_PROBLEM DESCRIPTION_
Copy the lines below exactly, starting at the line that contains "(\<lambda>x. A *\<^sub>v" and stopping after the last line, and include no other lines.

---------- SOURCE MATERIAL

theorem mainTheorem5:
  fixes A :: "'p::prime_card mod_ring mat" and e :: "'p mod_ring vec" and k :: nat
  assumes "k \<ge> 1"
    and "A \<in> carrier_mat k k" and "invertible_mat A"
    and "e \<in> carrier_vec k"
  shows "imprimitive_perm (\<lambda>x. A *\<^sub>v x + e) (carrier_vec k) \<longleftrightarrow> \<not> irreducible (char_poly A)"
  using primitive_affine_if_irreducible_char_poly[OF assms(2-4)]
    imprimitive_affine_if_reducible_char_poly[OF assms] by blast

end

--------------------

_ANSWER_
  shows "imprimitive_perm (\<lambda>x. A *\<^sub>v x + e) (carrier_vec k) \<longleftrightarrow> \<not> irreducible (char_poly A)"
  using primitive_affine_if_irreducible_char_poly[OF assms(2-4)]
    imprimitive_affine_if_reducible_char_poly[OF assms] by blast

end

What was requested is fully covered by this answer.